(Beginning of Source data)

lemma cost_num_first_two_layers:
  assumes "1 \<le> b"
  shows "cost_num b cov c csh (first_two_layers q)
    = cov + (\<Sum>i=1..b. c i + csh i) - (1 - q) * (c 1 + csh 1)"
proof -
  have prefix: "(\<Sum>s=1..i. first_two_layers q s) = (if i = 1 then q else 1)" if "1 \<le> i" for i
    using that sum_first_two_layers[of i q "\<lambda>_. 1"]
    by (cases "i = 1") (auto simp: first_two_layers_def)
  have "(c i + csh i) * (\<Sum>s=1..i. first_two_layers q s)
      = (c i + csh i) - (if i = 1 then (1 - q) * (c 1 + csh 1) else 0)" if "1 \<le> i" for i
    using prefix[OF that] by (simp add: algebra_simps)
  then have "(\<Sum>i=1..b. (c i + csh i) * (\<Sum>s=1..i. first_two_layers q s))
      = (\<Sum>i=1..b. (c i + csh i) - (if i = 1 then (1 - q) * (c 1 + csh 1) else 0))"
    by (intro sum.cong) auto
  also have "\<dots> = (\<Sum>i=1..b. c i + csh i) - (if 1 \<le> b then (1 - q) * (c 1 + csh 1) else 0)"
    by (simp add: sum_subtractf)
  finally show ?thesis
    unfolding cost_num_def using assms by simp
qed

lemma exists_cost_less_first_layer:
  assumes "2 \<le> b" and L_pos: "\<forall>i\<in>{1..b}. \<forall>s\<in>{1..i}. L i s > 0"
    and L_antimono: "\<forall>i\<in>{2..b}. L i 2 \<le> L i 1"
    and L11_lt: "L 1 1 < Max ((\<lambda>i. L i 1) ` {1..b})"
    and "0 \<le> cov" and A_nonneg: "\<forall>i\<in>{1..b}. 0 \<le> c i + csh i" and "0 < c 1 + csh 1"
  shows "\<exists>p. prob_vec b p \<and> cost b cov c csh L p < cost b cov c csh L first_layer"
proof -
  define M where "M = Max ((\<lambda>i. L i 1) ` {1..b})"
  define A where "A = cov + (\<Sum>i=1..b. c i + csh i)"
  define q where "q = L 1 1 / M"
  define p where "p = first_two_layers q"
  have "1 \<le> b" using \<open>2 \<le> b\<close> by simp
  have M_ge: "\<forall>i\<in>{1..b}. L i 1 \<le> M" unfolding M_def by (auto intro: Max_ge)
  have "0 < L 1 1" using L_pos \<open>1 \<le> b\<close> by auto
  then have "0 < M" "0 < q" "q < 1"
    using L11_lt unfolding q_def M_def by auto
  have den_ge: "1 / (2 * M) \<le> cost_den b L p"
    unfolding p_def using \<open>0 < M\<close> \<open>0 < q\<close> \<open>q < 1\<close> \<open>1 \<le> b\<close>
    by (intro cost_den_first_two_layers_ge[OF L_pos L_antimono M_ge]) (auto simp: q_def)
  moreover have "0 < 1 / (2 * M)" using \<open>0 < M\<close> by simp
  ultimately have den_pos: "0 < cost_den b L p" by linarith
  have num: "cost_num b cov c csh p = A - (1 - q) * (c 1 + csh 1)"
    unfolding p_def A_def using cost_num_first_two_layers[OF \<open>1 \<le> b\<close>] by simp
  have "c 1 + csh 1 \<le> (\<Sum>i=1..b. c i + csh i)"
    using A_nonneg \<open>1 \<le> b\<close> by (intro member_le_sum) auto
  moreover have "(1 - q) * (c 1 + csh 1) \<le> c 1 + csh 1"
    using \<open>0 < q\<close> \<open>0 < c 1 + csh 1\<close> by (simp add: mult_left_le_one_le)
  ultimately have num_nonneg: "0 \<le> cost_num b cov c csh p"
    unfolding num A_def using \<open>0 \<le> cov\<close> by linarith
  have "cost_num b cov c csh p / cost_den b L p \<le> cost_num b cov c csh p / (1 / (2 * M))"
    using num_nonneg den_ge den_pos \<open>0 < M\<close> by (intro divide_left_mono) auto
  also have "\<dots> = 2 * M * A - 2 * M * ((1 - q) * (c 1 + csh 1))"
    unfolding num by (simp add: algebra_simps)
  also have "\<dots> < 2 * M * A"
    using \<open>0 < M\<close> \<open>q < 1\<close> \<open>0 < c 1 + csh 1\<close> by simp
  finally have "cost b cov c csh L p < cost b cov c csh L first_layer"
    using den_pos cost_first_layer[OF \<open>1 \<le> b\<close>, of L cov c csh] L_pos
    unfolding cost_def A_def M_def by auto
  moreover have "prob_vec b p"
    unfolding p_def using \<open>2 \<le> b\<close> \<open>0 < q\<close> \<open>q < 1\<close> by (intro prob_vec_first_two_layers) auto
  ultimately show ?thesis by blast
qed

(End of Source data)

Return the entries above unchanged, starting at the first line and stopping after the line with "by (intro cost_den_first_two_layers_ge[OF".

### Task solution
lemma cost_num_first_two_layers:
  assumes "1 \<le> b"
  shows "cost_num b cov c csh (first_two_layers q)
    = cov + (\<Sum>i=1..b. c i + csh i) - (1 - q) * (c 1 + csh 1)"
proof -
  have prefix: "(\<Sum>s=1..i. first_two_layers q s) = (if i = 1 then q else 1)" if "1 \<le> i" for i
    using that sum_first_two_layers[of i q "\<lambda>_. 1"]
    by (cases "i = 1") (auto simp: first_two_layers_def)
  have "(c i + csh i) * (\<Sum>s=1..i. first_two_layers q s)
      = (c i + csh i) - (if i = 1 then (1 - q) * (c 1 + csh 1) else 0)" if "1 \<le> i" for i
    using prefix[OF that] by (simp add: algebra_simps)
  then have "(\<Sum>i=1..b. (c i + csh i) * (\<Sum>s=1..i. first_two_layers q s))
      = (\<Sum>i=1..b. (c i + csh i) - (if i = 1 then (1 - q) * (c 1 + csh 1) else 0))"
    by (intro sum.cong) auto
  also have "\<dots> = (\<Sum>i=1..b. c i + csh i) - (if 1 \<le> b then (1 - q) * (c 1 + csh 1) else 0)"
    by (simp add: sum_subtractf)
  finally show ?thesis
    unfolding cost_num_def using assms by simp
qed

lemma exists_cost_less_first_layer:
  assumes "2 \<le> b" and L_pos: "\<forall>i\<in>{1..b}. \<forall>s\<in>{1..i}. L i s > 0"
    and L_antimono: "\<forall>i\<in>{2..b}. L i 2 \<le> L i 1"
    and L11_lt: "L 1 1 < Max ((\<lambda>i. L i 1) ` {1..b})"
    and "0 \<le> cov" and A_nonneg: "\<forall>i\<in>{1..b}. 0 \<le> c i + csh i" and "0 < c 1 + csh 1"
  shows "\<exists>p. prob_vec b p \<and> cost b cov c csh L p < cost b cov c csh L first_layer"
proof -
  define M where "M = Max ((\<lambda>i. L i 1) ` {1..b})"
  define A where "A = cov + (\<Sum>i=1..b. c i + csh i)"
  define q where "q = L 1 1 / M"
  define p where "p = first_two_layers q"
  have "1 \<le> b" using \<open>2 \<le> b\<close> by simp
  have M_ge: "\<forall>i\<in>{1..b}. L i 1 \<le> M" unfolding M_def by (auto intro: Max_ge)
  have "0 < L 1 1" using L_pos \<open>1 \<le> b\<close> by auto
  then have "0 < M" "0 < q" "q < 1"
    using L11_lt unfolding q_def M_def by auto
  have den_ge: "1 / (2 * M) \<le> cost_den b L p"
    unfolding p_def using \<open>0 < M\<close> \<open>0 < q\<close> \<open>q < 1\<close> \<open>1 \<le> b\<close>
    by (intro cost_den_first_two_layers_ge[OF L_pos L_antimono M_ge]) (auto simp: q_def)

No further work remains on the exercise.